Constrained Decoding
In inference, grammar constraints are enforced by zeroing probabilities of improper token classes (e.g., doors must have two vertices, room vertices must be outside existing rooms), supporting high-validity synthesis.
Completion and Editing
The autoregressive approach enables completion of partial sequences and interactive editing: arbitrary fragments can be complemented or modified within the markup structure.
Figure 3: Completion and editing workflows for floorplans, leveraging updateable FML sequences for user interaction.
Experimental Evaluation
Comprehensive benchmarking is conducted on the RPLAN dataset, assessing model performance across:
- Unconditional generation (FID: 7.22 vs. GSDiff's 15.02)
- Boundary-conditioned generation (FID: 6.51, IoU: 97.86 vs. Graph2Plan's FID: 34.20, IoU: 95.87)
- Graph-conditioned generation (FID: 3.41 vs. HouseGAN++'s 48.44; GED: 1.21 vs. HouseDiffusion's 1.55)
- Multi-conditional generation (Boundary + Graph: FID: 14.17; IoU: 97.59 vs. Graph2Plan's FID: 22.87, IoU: 92.96)
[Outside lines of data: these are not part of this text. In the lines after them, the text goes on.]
(* Let $\Gamma=\{f_1,\dots,f_n\}$ be a family of weak weight-functions and suppose there is a nonzero direction $\mathbf{r}\in[0,1]^n$ such that each $f_i$ has a directional derivative in direction $\mathbf{r}$ at every point and $\frac{\partial f_i}{\partial\mathbf{r}}(\mathbf{x})\ge 0$ for every $i$ and every $\mathbf{x}\in[0,1]^n$. Then $\mathsf{BGM}_\Gamma$ is an $\mathbf{r}$-increasing pre-aggregation function.
   Context: A family of weak weight-functions (wFWF) is a family $\Gamma=\{f_i:[0,1]^n\to[0,1]\mid 1\le i\le n\}$ such that (I) $\sum_{i=1}^n f_i(\mathbf{x})\le 1$ for all $\mathbf{x}\in[0,1]^n$ and (II) $\sum_{i=1}^n f_i(1,\dots,1)=1$. The bounded generalized mixture function is $\mathsf{BGM}_\Gamma(\mathbf{x})=\sum_{i=1}^n f_i(\mathbf{x})\,x_i$. For a nonzero $\mathbf{r}\in\mathbb{R}^n$, $F:[0,1]^n\to[0,1]$ is $\mathbf{r}$-increasing if $F(\mathbf{x})\le F(x_1+tr_1,\dots,x_n+tr_n)$ for all $\mathbf{x}\in[0,1]^n$ and $t>0$ with $(x_1+tr_1,\dots,x_n+tr_n)\in[0,1]^n$. $F$ is a pre-aggregation function if $F(0,\dots,0)=0$, $F(1,\dots,1)=1$ and $F$ is $\mathbf{r}$-increasing for some nonzero $\mathbf{r}\in[0,1]^n$. *)

theory Defs
  imports "HOL-Analysis.Analysis"
begin

definition unit_cube :: "(real ^ 'n) set" where
  "unit_cube = {x. \<forall>i. 0 \<le> x $ i \<and> x $ i \<le> 1}"

definition wFWF :: "('n::finite \<Rightarrow> real ^ 'n \<Rightarrow> real) \<Rightarrow> bool" where
  "wFWF f \<longleftrightarrow>
     (\<forall>i. \<forall>x\<in>unit_cube. 0 \<le> f i x \<and> f i x \<le> 1) \<and>
     (\<forall>x\<in>unit_cube. (\<Sum>i\<in>UNIV. f i x) \<le> 1) \<and>
     (\<Sum>i\<in>UNIV. f i (\<chi> j. 1)) = 1"

definition BGM :: "('n::finite \<Rightarrow> real ^ 'n \<Rightarrow> real) \<Rightarrow> real ^ 'n \<Rightarrow> real" where
  "BGM f x = (\<Sum>i\<in>UNIV. f i x * x $ i)"

definition r_increasing :: "real ^ 'n \<Rightarrow> (real ^ 'n \<Rightarrow> real) \<Rightarrow> bool" where
  "r_increasing r F \<longleftrightarrow>
     (\<forall>x\<in>unit_cube. \<forall>t>0. x + t *\<^sub>R r \<in> unit_cube \<longrightarrow> F x \<le> F (x + t *\<^sub>R r))"

definition pre_aggregation :: "(real ^ 'n \<Rightarrow> real) \<Rightarrow> bool" where
  "pre_aggregation F \<longleftrightarrow>
     (\<forall>x\<in>unit_cube. 0 \<le> F x \<and> F x \<le> 1) \<and>
     F (\<chi> j. 0) = 0 \<and> F (\<chi> j. 1) = 1 \<and>
     (\<exists>r\<in>unit_cube. r \<noteq> 0 \<and> r_increasing r F)"

text \<open>Directional derivative of g at x in direction r, taken relative to the
  domain [0,1]^n (one-sided at the boundary).\<close>
definition has_dir_deriv :: "(real ^ 'n \<Rightarrow> real) \<Rightarrow> real ^ 'n \<Rightarrow> real ^ 'n \<Rightarrow> real \<Rightarrow> bool" where
  "has_dir_deriv g r x D \<longleftrightarrow>
     ((\<lambda>t. g (x + t *\<^sub>R r)) has_real_derivative D) (at 0 within {t. x + t *\<^sub>R r \<in> unit_cube})"

end

theory Submission
  imports Defs
begin

text \<open>A nonnegative directional derivative makes each weight \<open>f\<^sub>i\<close> nondecreasing along
  \<open>r\<close>, by the mean value theorem on the segment from \<open>x\<close> to \<open>x + t r\<close>, which stays in the
  convex cube. Since \<open>r \<ge> 0\<close>, every summand \<open>f\<^sub>i(x) x\<^sub>i\<close> of \<open>BGM\<close> is then a product of
  nonnegative nondecreasing factors. The range and boundary conditions follow from
  \<open>\<Sum>\<^sub>i f\<^sub>i \<le> 1\<close> on the cube, with equality at \<open>(1,\<dots>,1)\<close>.\<close>

lemma unit_cube_eq_cbox: "unit_cube = cbox 0 (1 :: real ^ 'n)"
  by (auto simp: unit_cube_def mem_box_cart)

lemma convex_unit_cube: "convex (unit_cube :: (real ^ 'n) set)"
  unfolding unit_cube_eq_cbox by (rule convex_box)

lemma unit_cube_ray_segment:
  assumes "x \<in> unit_cube" "x + t *\<^sub>R r \<in> unit_cube" "0 \<le> s" "s \<le> t"
  shows "x + s *\<^sub>R r \<in> unit_cube"
proof (cases "t = 0")
  case True
  then show ?thesis using assms by simp
next
  case False
  have "x + s *\<^sub>R r = (1 - s / t) *\<^sub>R x + (s / t) *\<^sub>R (x + t *\<^sub>R r)"
    using False by (simp add: algebra_simps)
  moreover have "0 \<le> s / t" "s / t \<le> 1"
    using assms(3,4) False by auto
  ultimately show ?thesis
    using convexD_alt[OF convex_unit_cube assms(1,2)] by simp
qed

lemma has_dir_deriv_along_ray:
  assumes "has_dir_deriv h r (x + s *\<^sub>R r) D"
  shows "((\<lambda>u. h (x + u *\<^sub>R r)) has_real_derivative D) (at s within {u. x + u *\<^sub>R r \<in> unit_cube})"
proof -
  have ray: "x + s *\<^sub>R r + v *\<^sub>R r = x + (s + v) *\<^sub>R r" for v
    by (simp add: scaleR_add_left)
  have shift: "{u. x + u *\<^sub>R r \<in> unit_cube} = (+) s ` {v. x + s *\<^sub>R r + v *\<^sub>R r \<in> unit_cube}"
  proof (intro equalityI subsetI)
    fix u
    assume "u \<in> {u. x + u *\<^sub>R r \<in> unit_cube}"
    then have "u - s \<in> {v. x + s *\<^sub>R r + v *\<^sub>R r \<in> unit_cube}"
      by (simp add: ray)
    then show "u \<in> (+) s ` {v. x + s *\<^sub>R r + v *\<^sub>R r \<in> unit_cube}"
      by (rule rev_image_eqI) simp
  qed (auto simp: ray)
  have "((\<lambda>v. h (x + (s + v) *\<^sub>R r)) has_real_derivative D)
      (at 0 within {v. x + s *\<^sub>R r + v *\<^sub>R r \<in> unit_cube})"
    using assms unfolding has_dir_deriv_def by (simp only: ray)
  then show ?thesis
    unfolding shift using DERIV_at_within_shift[where z = s and x = 0] by simp
qed

lemma r_increasing_if_dir_deriv_nonneg:
  assumes "\<forall>x\<in>unit_cube. \<exists>D. has_dir_deriv h r x D \<and> D \<ge> 0"
  shows "r_increasing r h"
  unfolding r_increasing_def
proof (intro ballI allI impI)
  fix x t
  assume x: "x \<in> unit_cube" and "t > 0" and xt: "x + t *\<^sub>R r \<in> unit_cube"
  define g where "g u = h (x + u *\<^sub>R r)" for u
  have "\<exists>D. (g has_real_derivative D) (at s within {0..t}) \<and> D \<ge> 0"
    if s: "0 \<le> s" "s \<le> t" for s
  proof -
    obtain D where D: "has_dir_deriv h r (x + s *\<^sub>R r) D" "D \<ge> 0"
      using assms unit_cube_ray_segment[OF x xt s] by blast
    have "{0..t} \<subseteq> {u. x + u *\<^sub>R r \<in> unit_cube}"
      using unit_cube_ray_segment[OF x xt] by auto
    then show ?thesis
      using has_dir_deriv_along_ray[OF D(1)] D(2)
      unfolding g_def by (blast intro: has_field_derivative_subset)
  qed
  then obtain D where D: "\<And>s. 0 \<le> s \<Longrightarrow> s \<le> t \<Longrightarrow>
      (g has_derivative (\<lambda>v. D s * v)) (at s within {0..t}) \<and> D s \<ge> 0"
    unfolding has_field_derivative_def by metis
  obtain c where c: "c \<in> {0..t}" "g t - g 0 = D c * t"
    using mvt_very_simple[of 0 t g "\<lambda>s v. D s * v"] D \<open>t > 0\<close> by auto
  with D have "D c \<ge> 0"
    by simp
  with c \<open>t > 0\<close> have "g 0 \<le> g t"
    using mult_nonneg_nonneg[of "D c" t] by linarith
  then show "h x \<le> h (x + t *\<^sub>R r)"
    by (simp add: g_def)
qed

lemma r_increasing_BGM:
  assumes "r \<in> unit_cube"
    and nonneg: "\<And>i x. x \<in> unit_cube \<Longrightarrow> 0 \<le> f i x"
    and incr: "\<And>i. r_increasing r (f i)"
  shows "r_increasing r (BGM f)"
  unfolding r_increasing_def BGM_def
proof (intro ballI allI impI sum_mono)
  fix x t i
  assume x: "x \<in> unit_cube" and "t > 0" and xt: "x + t *\<^sub>R r \<in> unit_cube"
  have "f i x \<le> f i (x + t *\<^sub>R r)"
    using incr x \<open>t > 0\<close> xt unfolding r_increasing_def by blast
  moreover have "x $ i \<le> (x + t *\<^sub>R r) $ i" "0 \<le> x $ i"
    using assms(1) x \<open>t > 0\<close> by (auto simp: unit_cube_def)
  ultimately show "f i x * x $ i \<le> f i (x + t *\<^sub>R r) * (x + t *\<^sub>R r) $ i"
    using nonneg[OF xt] by (intro mult_mono) auto
qed

lemma BGM_in_unit_interval:
  assumes "wFWF f" "x \<in> unit_cube"
  shows "0 \<le> BGM f x \<and> BGM f x \<le> 1"
proof -
  have f: "0 \<le> f i x" "f i x \<le> 1" "(\<Sum>i\<in>UNIV. f i x) \<le> 1" for i
    using assms unfolding wFWF_def by auto
  have x: "0 \<le> x $ i" "x $ i \<le> 1" for i
    using assms(2) unfolding unit_cube_def by auto
  have "0 \<le> BGM f x"
    unfolding BGM_def using f x by (simp add: sum_nonneg)
  moreover have "BGM f x \<le> (\<Sum>i\<in>UNIV. f i x)"
    unfolding BGM_def using f x by (simp add: sum_mono mult_left_le)
  ultimately show ?thesis
    using f(3) by linarith
qed

lemma BGM_zero: "BGM f (\<chi> j. 0) = 0"
  by (simp add: BGM_def)

lemma BGM_one: "wFWF f \<Longrightarrow> BGM f (\<chi> j. 1) = 1"
  by (simp add: BGM_def wFWF_def)

theorem corollary3:
  fixes f :: "'n::finite \<Rightarrow> real ^ 'n \<Rightarrow> real" and r :: "real ^ 'n"
  assumes "wFWF f"
    and "r \<in> unit_cube" and "r \<noteq> 0"
    and "\<forall>i. \<forall>x\<in>unit_cube. \<exists>D. has_dir_deriv (f i) r x D \<and> D \<ge> 0"
  shows "pre_aggregation (BGM f) \<and> r_increasing r (BGM f)"
proof -
  have "r_increasing r (BGM f)"
  proof (rule r_increasing_BGM[OF assms(2)])
    show "0 \<le> f i x" if "x \<in> unit_cube" for i x
      using assms(1) that unfolding wFWF_def by blast
    show "r_increasing r (f i)" for i
      using assms(4) by (blast intro: r_increasing_if_dir_deriv_nonneg)
  qed
  then show ?thesis
    unfolding pre_aggregation_def
    using BGM_in_unit_interval[OF assms(1)] BGM_zero BGM_one[OF assms(1)] assms(2,3) by blast
qed

end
The model consistently outperforms prior task-specific approaches, demonstrating robust generalization to diverse conditional inputs and improved metric scores.
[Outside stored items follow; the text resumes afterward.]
(* Let $H$ be a complex Hilbert space, $V=\mathcal{L}(H)_{sa}$, $r$ a positive integer and $a,b\in\mathfrak{M}(r)$, the set of projections of rank $r$ in $V$. Then $b\in\mathcal{O}_a$ if and only if $a\in\mathcal{O}_b$.
   Context: $V$ is the set of self-adjoint bounded operators on $H$; a projection is $a=a^2=a^*$. For $a\in\mathfrak{M}(r)$, $V_1(a)=aVa$ is a Jordan algebra (product $x\circ y=\frac12(xy+yx)$) with unit $a$, and the antipodal set of $a$ is $\mathcal{O}_a=\{b\in\mathfrak{M}(r): aba\text{ is not invertible in }V_1(a)\}$. *)

theory Defs
  imports "HOL-Analysis.Analysis"
begin

text \<open>A complex Hilbert space: a real Banach space with a complex scalar
multiplication extending the real one and a complex inner product
(conjugate-linear in the first argument) inducing the norm.\<close>

class chilbert = banach +
  fixes hscaleC :: "complex \<Rightarrow> 'a \<Rightarrow> 'a"
    and hinner :: "'a \<Rightarrow> 'a \<Rightarrow> complex"
  assumes hscaleC_of_real: "hscaleC (complex_of_real t) x = t *\<^sub>R x"
    and hscaleC_add_right: "hscaleC c (x + y) = hscaleC c x + hscaleC c y"
    and hscaleC_add_left: "hscaleC (c + d) x = hscaleC c x + hscaleC d x"
    and hscaleC_mult: "hscaleC c (hscaleC d x) = hscaleC (c * d) x"
    and hinner_cnj: "hinner x y = cnj (hinner y x)"
    and hinner_add_left: "hinner (x + y) z = hinner x z + hinner y z"
    and hinner_scaleC_left: "hinner (hscaleC c x) y = cnj c * hinner x y"
    and norm_hinner: "norm x = sqrt (Re (hinner x x))"

definition bounded_clin :: "('a::chilbert \<Rightarrow> 'a) \<Rightarrow> bool" where
  "bounded_clin f \<longleftrightarrow>
     (\<forall>x y. f (x + y) = f x + f y) \<and>
     (\<forall>c x. f (hscaleC c x) = hscaleC c (f x)) \<and>
     (\<exists>K. \<forall>x. norm (f x) \<le> norm x * K)"

definition SA :: "('a::chilbert \<Rightarrow> 'a) set" where
  "SA = {f. bounded_clin f \<and> (\<forall>x y. hinner (f x) y = hinner x (f y))}"

definition cindep :: "'a::chilbert set \<Rightarrow> bool" where
  "cindep B \<longleftrightarrow> (\<forall>c. (\<Sum>v\<in>B. hscaleC (c v) v) = 0 \<longrightarrow> (\<forall>v\<in>B. c v = 0))"

definition cspan_fin :: "'a::chilbert set \<Rightarrow> 'a set" where
  "cspan_fin B = {(\<Sum>v\<in>B. hscaleC (c v) v) | c. True}"

definition has_rank :: "('a::chilbert \<Rightarrow> 'a) \<Rightarrow> nat \<Rightarrow> bool" where
  "has_rank f r \<longleftrightarrow>
     (\<exists>B. finite B \<and> card B = r \<and> cindep B \<and> range f = cspan_fin B)"

definition projs :: "nat \<Rightarrow> ('a::chilbert \<Rightarrow> 'a) set" where
  "projs r = {a \<in> SA. a \<circ> a = a \<and> has_rank a r}"

definition jprod :: "('a::chilbert \<Rightarrow> 'a) \<Rightarrow> ('a \<Rightarrow> 'a) \<Rightarrow> ('a \<Rightarrow> 'a)" where
  "jprod x y = (\<lambda>v. (1/2::real) *\<^sub>R (x (y v) + y (x v)))"

definition V1 :: "('a::chilbert \<Rightarrow> 'a) \<Rightarrow> ('a \<Rightarrow> 'a) set" where
  "V1 a = {a \<circ> x \<circ> a | x. x \<in> SA}"

definition jinvertible_in :: "('a::chilbert \<Rightarrow> 'a) set \<Rightarrow> ('a \<Rightarrow> 'a) \<Rightarrow> ('a \<Rightarrow> 'a) \<Rightarrow> bool" where
  "jinvertible_in J e x \<longleftrightarrow> (\<exists>y\<in>J. jprod x y = e \<and> jprod (jprod x x) y = x)"

definition antipodal :: "nat \<Rightarrow> ('a::chilbert \<Rightarrow> 'a) \<Rightarrow> ('a \<Rightarrow> 'a) set" where
  "antipodal r a = {b \<in> projs r. \<not> jinvertible_in (V1 a) a (a \<circ> b \<circ> a)}"

end

theory Submission
  imports Defs
begin

(* In a corner V_1(e) = eVe of a projection e, Jordan invertibility is ordinary invertibility
   with unit e. So if bab has an inverse t in bVb, then t(bab) = b makes a injective on the range
   of b; both ranges have complex dimension r, hence a maps range b onto range a, and a t^2 a is
   an inverse of aba in aVa. The statement is symmetric in a and b. *)

lemma hscaleC_zero_left [simp]: "hscaleC 0 (x::'a::chilbert) = 0"
  by (metis hscaleC_of_real of_real_0 scaleR_zero_left)

lemma hscaleC_one [simp]: "hscaleC 1 (x::'a::chilbert) = x"
  by (metis hscaleC_of_real of_real_1 scaleR_one)

lemma hscaleC_minus_one [simp]: "hscaleC (-1) (x::'a::chilbert) = - x"
  by (metis hscaleC_of_real of_real_1 of_real_minus scaleR_minus1_left)

lemma hscaleC_Re_Im: "hscaleC c (v::'a::chilbert) = Re c *\<^sub>R v + Im c *\<^sub>R hscaleC \<i> v"
proof -
  have "c = complex_of_real (Re c) + complex_of_real (Im c) * \<i>"
    by (simp add: complex_eq_iff)
  then show ?thesis
    by (metis hscaleC_add_left hscaleC_mult hscaleC_of_real)
qed

lemma inj_hscaleC_i: "inj (hscaleC \<i> :: 'a::chilbert \<Rightarrow> 'a)"
  by (rule inj_on_inverseI[of _ "hscaleC (- \<i>)"]) (simp add: hscaleC_mult)

lemma hinner_zero_left [simp]: "hinner (0::'a::chilbert) x = 0"
proof -
  have "hinner (0::'a) x = hinner 0 x + hinner 0 x"
    by (metis add_0 hinner_add_left)
  then show ?thesis by simp
qed

lemma hinner_zero_right [simp]: "hinner x (0::'a::chilbert) = 0"
  by (metis complex_cnj_zero hinner_cnj hinner_zero_left)

lemma hinner_self_eq_zeroD: "hinner x x = 0 \<Longrightarrow> (x::'a::chilbert) = 0"
  using norm_hinner[of x] by simp

lemma bounded_clin_add: "bounded_clin f \<Longrightarrow> f (x + y) = f x + f y"
  unfolding bounded_clin_def by blast

lemma bounded_clin_hscaleC: "bounded_clin f \<Longrightarrow> f (hscaleC c x) = hscaleC c (f x)"
  unfolding bounded_clin_def by blast

lemma bounded_clin_linear: "bounded_clin f \<Longrightarrow> linear f"
  by (intro linearI) (simp_all add: bounded_clin_add bounded_clin_hscaleC flip: hscaleC_of_real)

lemma bounded_clin_comp:
  assumes "bounded_clin f" and "bounded_clin g"
  shows "bounded_clin (f \<circ> g)"
proof -
  obtain K where K: "\<And>x. norm (f x) \<le> norm x * K"
    using assms(1) unfolding bounded_clin_def by blast
  obtain L where L: "\<And>x. norm (g x) \<le> norm x * L"
    using assms(2) unfolding bounded_clin_def by blast
  have "norm (f (g x)) \<le> norm x * (max L 0 * max K 0)" for x
  proof -
    have "norm (f (g x)) \<le> norm (g x) * max K 0"
      by (meson K max.cobounded1 mult_left_mono norm_ge_zero order_trans)
    also have "\<dots> \<le> norm x * max L 0 * max K 0"
      by (meson L max.cobounded1 max.cobounded2 mult_left_mono mult_right_mono norm_ge_zero order_trans)
    finally show ?thesis by (simp add: mult.assoc)
  qed
  with assms show ?thesis
    unfolding bounded_clin_def by auto
qed

lemma bounded_clin_id: "bounded_clin (id :: 'a::chilbert \<Rightarrow> 'a)"
  unfolding bounded_clin_def by (auto intro: exI[of _ 1])

lemma SA_bounded_clin: "f \<in> SA \<Longrightarrow> bounded_clin f"
  unfolding SA_def by blast

lemma SA_hinner_adjoint: "f \<in> SA \<Longrightarrow> hinner (f x) y = hinner x (f y)"
  unfolding SA_def by blast

lemma SA_sandwich: "p \<in> SA \<Longrightarrow> q \<in> SA \<Longrightarrow> p \<circ> q \<circ> p \<in> SA"
  unfolding SA_def by (auto intro!: bounded_clin_comp)

lemma id_SA: "id \<in> SA"
  unfolding SA_def by (simp add: bounded_clin_id)

lemma V1_subset_SA: "a \<in> SA \<Longrightarrow> V1 a \<subseteq> SA"
  unfolding V1_def by (auto intro: SA_sandwich)

lemma V1_absorbs_projection:
  assumes "a \<circ> a = a" and "x \<in> V1 a"
  shows "a \<circ> x = x" and "x \<circ> a = x"
proof -
  obtain z where "x = a \<circ> z \<circ> a"
    using assms(2) unfolding V1_def by blast
  with assms(1) show "a \<circ> x = x" and "x \<circ> a = x"
    by (metis comp_assoc)+
qed

lemma jprod_self: "jprod x x = x \<circ> x"
  unfolding jprod_def by (auto simp flip: scaleR_2)

lemma jprod_eq_iff: "jprod x y = e \<longleftrightarrow> (\<forall>v. x (y v) + y (x v) = 2 *\<^sub>R e v)"
  unfolding jprod_def fun_eq_iff
  by (metis scaleR_half_double scaleR_scaleR real_scaleR_def field_sum_of_halves scaleR_2)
Figure 4: Qualitative comparison—consistent, realistic samples from various conditions versus prior models, highlighting coverage and fidelity.
Ablation Studies and Analysis
The importance of permutation-equivariant room encoding and descending order indexing is substantiated by substantial drops in FID when these augmentations are removed. Constrained decoding mitigates topological errors (e.g., overlapping rooms, misaligned doors), enhancing architectural validity.
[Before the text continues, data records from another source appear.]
lemma has_derivative_compose_through_injection:
  fixes j :: "'b::topological_space \<Rightarrow> 'a::real_normed_vector" and G :: "'e::real_normed_vector \<Rightarrow> 'b"
    and F :: "'b \<Rightarrow> 'c::real_normed_vector" and D :: "'a \<Rightarrow>\<^sub>L 'c"
  assumes inj: "inj j"
    \<comment> \<open>G need only be continuous, since F's remainder is measured where j \<circ> G is differentiable\<close>
    and F: "((\<lambda>y. norm (F y - F (G x) - D (j y - j (G x))) / norm (j y - j (G x))) \<longlongrightarrow> 0) (nhds (G x))"
    and jG: "((\<lambda>z. j (G z)) has_derivative L) (at x)"
    and G: "isCont G x"
  shows "((\<lambda>z. F (G z)) has_derivative (\<lambda>h. D (L h))) (at x)"
proof -
  interpret L: bounded_linear L using jG by (rule has_derivative_bounded_linear)
  obtain kL where kL: "\<And>h. norm (L h) \<le> norm h * kL" using L.bounded by blast
  define N where "N y = norm (j (G y) - j (G x) - L (y - x)) / norm (y - x)" for y
  define R where "R y = norm (F y - F (G x) - D (j y - j (G x))) / norm (j y - j (G x))" for y
  show ?thesis
  proof (rule has_derivativeI_sandwich[of 1])
    show "bounded_linear (\<lambda>h. D (L h))"
      using L.bounded_linear by (rule bounded_linear_compose[OF blinfun.bounded_linear_right])
  next
    fix y assume "y \<noteq> x"
    then have pos: "norm (y - x) > 0" by simp
    define \<Delta> where "\<Delta> = j (G y) - j (G x)"
    define r where "r = \<Delta> - L (y - x)"
    have "norm (F (G y) - F (G x) - D \<Delta>) \<le> R (G y) * norm \<Delta>"
    proof (cases "\<Delta> = 0")
      case True
      then have "G y = G x" using inj by (simp add: \<Delta>_def inj_eq)
      then show ?thesis by (simp add: \<Delta>_def)
    qed (simp add: R_def \<Delta>_def)
    also have "\<dots> \<le> R (G y) * ((N y + kL) * norm (y - x))"
    proof (rule mult_left_mono)
      have "norm \<Delta> \<le> norm r + norm (L (y - x))"
        using norm_triangle_ineq[of r "L (y - x)"] by (simp add: r_def)
      also have "\<dots> \<le> (N y + kL) * norm (y - x)"
        using kL[of "y - x"] pos by (simp add: N_def r_def \<Delta>_def algebra_simps)
      finally show "norm \<Delta> \<le> (N y + kL) * norm (y - x)" .
    qed (simp add: R_def)
    finally have "norm (F (G y) - F (G x) - D \<Delta>) \<le> R (G y) * (N y + kL) * norm (y - x)"
      by (simp add: mult.assoc)
    moreover have "norm (D r) \<le> norm D * N y * norm (y - x)"
      using norm_blinfun[of D r] pos by (simp add: N_def r_def \<Delta>_def)
    moreover have "F (G y) - F (G x) - D (L (y - x)) = (F (G y) - F (G x) - D \<Delta>) + D r"
      by (simp add: r_def blinfun.diff_right)
    ultimately have "norm (F (G y) - F (G x) - D (L (y - x))) \<le> (N y * norm D + R (G y) * (N y + kL)) * norm (y - x)"
      using norm_triangle_ineq[of "F (G y) - F (G x) - D \<Delta>" "D r"] by (simp add: algebra_simps)
    then show "norm (F (G y) - F (G x) - D (L (y - x))) / norm (y - x) \<le> N y * norm D + R (G y) * (N y + kL)"
      using pos by (simp add: divide_le_eq)
  next
    have [tendsto_intros]: "(N \<longlongrightarrow> 0) (at x)"
      using jG unfolding has_derivative_iff_norm N_def by blast
    have [tendsto_intros]: "((\<lambda>y. R (G y)) \<longlongrightarrow> 0) (at x)"
      unfolding R_def using F G[unfolded isCont_def] by (rule filterlim_compose)
    show "((\<lambda>y. N y * norm D + R (G y) * (N y + kL)) \<longlongrightarrow> 0) (at x)"
      by (intro tendsto_eq_intros) auto
  qed simp
qed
Figure 5: Impact of constrained decoding—eliminates geometric and topological inconsistencies compared to unconstrained generation.
User studies reinforce the functional and natural quality of generated floorplans; the method achieves a winning rate of 51% versus 24% and 32% for HouseGAN++ and HouseDiffusion, respectively.
Limitations and Future Directions
Despite advances, there are clear limitations:
- Current scope is restricted to single-story floorplans; extension to multi-story layouts requires additional vertical hierarchy tagging (e.g.,
<story>)
- FML integration with LLMs for natural language-driven generation is a promising avenue for enhanced accessibility and flexibility
Practical and Theoretical Implications
FML and its transformer-based generative model establish a scalable, unified framework for vector floorplan generation, eliminating task fragmentation and enabling interactive, controllable, and structurally valid synthesis. Practically, this advances automated, accessible architectural design, supporting rapid iteration and editing. Theoretically, FML’s strict markup grammar demonstrates the efficacy of symbolic-structural sequence representation in geometric synthesis tasks and suggests broader applicability to other domain-specific generative problems.
Conclusion
The introduction of Floorplan Markup Language and its autoregressive transformer-based generator rigorously unifies vector floorplan synthesis across a wide array of conditional tasks. Empirical evaluation demonstrates superior fidelity, diversity, and generalization relative to prior task-specific approaches. The approach’s extensibility points towards integration with LLMs and multi-story designs, offering both practical value for architectural applications and theoretical insight into structured sequence modeling for spatial domain generation.